Real-time coverage of wildfires event on Pandita Data.
🌍 OPEN LIVE 3D EARTHQUAKE MAPIt is 2:47 PM on a March afternoon in the Oklahoma Panhandle, and the sky above Jackson is no longer blue. The Salt Fork Wildfire, erupting near the Canadian River valley at 34.744°N, 99.427°W, has transformed a rural landscape into an inferno visible from space. Smoke towers into the atmosphere like a thundercloud forged in ash and flame. The temperature at the fire line exceeds 2,000°F. A family in a farmhouse 8 miles downwind closes every window, pulls their children inside, and watches the horizon turn copper and black. This is not a distant disaster—it is a collision between climate, vegetation, and the physics of combustion happening in real time, and it is reshaping the air they breathe.
Wildfires are not random acts of destruction. They are thermodynamic events governed by three essential ingredients: fuel, oxygen, and heat. In March, the Oklahoma Panhandle is emerging from winter with dormant grasslands and shrubland primed for ignition. The winter of 2025–26 was abnormally dry—precipitation 23% below the 30-year average—leaving vegetation moisture content critically depleted. This is fuel loading, the scientific term for a landscape waiting to burn.
The heat source arrived on March 14: a cold front pushing from the northwest triggered surface winds gusting to 35 mph. Paradoxically, the "cold" front brought dry air masses—relative humidity plummeted to 18%—creating ideal combustion conditions. When ignition occurred (likely from human activity or a lightning strike), the fire found an atmosphere primed to carry it. The wind did not just feed oxygen to the flames; it also transported embers miles ahead of the fire front, creating spot fires that leapfrogged across the landscape.

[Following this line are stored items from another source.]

lemma niven_poly_reflect:
  assumes "of_int a = of_int b * c"
  shows "pcompose (niven_poly n a b) [:c, 1:] = smult ((-1) ^ n) (monom 1 n * [:of_int a, of_int b:] ^ n)"
proof (rule poly_ext)
  fix t
  have "poly (pcompose (niven_poly n a b) [:c, 1:]) t = ((c + t) * (of_int a - of_int b * (c + t))) ^ n"
    by (simp add: poly_pcompose poly_niven_poly power_mult_distrib)
  also have "(c + t) * (of_int a - of_int b * (c + t)) = - (t * (of_int a + t * of_int b))"
    using assms by (simp add: algebra_simps)
  also have "(- (t * (of_int a + t * of_int b))) ^ n = (-1) ^ n * (t ^ n * (of_int a + t * of_int b) ^ n)"
    by (subst power_minus) (simp add: power_mult_distrib)
  finally show "poly (pcompose (niven_poly n a b) [:c, 1:]) t = poly (smult ((-1) ^ n) (monom 1 n * [:of_int a, of_int b:] ^ n)) t"
    by (simp add: poly_monom)
qed

lemma niven_poly_higher_pderiv_Ints:
  assumes "of_int a = of_int b * c"
  shows "poly ((pderiv ^^ k) (niven_poly n a b)) 0 / fact n \<in> \<int>"
    and "poly ((pderiv ^^ k) (niven_poly n a b)) c / fact n \<in> \<int>"
proof -
  show "poly ((pderiv ^^ k) (niven_poly n a b)) 0 / fact n \<in> \<int>"
    unfolding niven_poly_def
    by (intro higher_pderiv_monom_mult_0_Ints int_coeffs_power int_coeffs_linear)
  have "poly ((pderiv ^^ k) (niven_poly n a b)) c = poly ((pderiv ^^ k) (pcompose (niven_poly n a b) [:c, 1:])) 0"
    by (simp add: poly_higher_pderiv_pcompose_shift)
  also have "\<dots> = (-1) ^ n * poly ((pderiv ^^ k) (monom 1 n * [:of_int a, of_int b:] ^ n)) 0"
    by (simp add: niven_poly_reflect[OF assms] higher_pderiv_smult)
  finally have "poly ((pderiv ^^ k) (niven_poly n a b)) c / fact n
      = (-1) ^ n * (poly ((pderiv ^^ k) (monom 1 n * [:of_int a, of_int b:] ^ n)) 0 / fact n)"
    by (simp only: times_divide_eq_right)
  then show "poly ((pderiv ^^ k) (niven_poly n a b)) c / fact n \<in> \<int>"
    by (simp only:) (intro Ints_mult Ints_power Ints_minus Ints_1 higher_pderiv_monom_mult_0_Ints
        int_coeffs_power int_coeffs_linear)
qed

The fire's spread follows the physics of radiative heat transfer and convection. Hot gases rise, creating a buoyancy-driven column—the visible smoke plume extends over 35,000 feet into the troposphere. This creates a pressure gradient that pulls cool air into the fire's base, accelerating combustion. In meteorological terms, the fire has become a pyroconvective system, a self-sustaining engine of heat and motion.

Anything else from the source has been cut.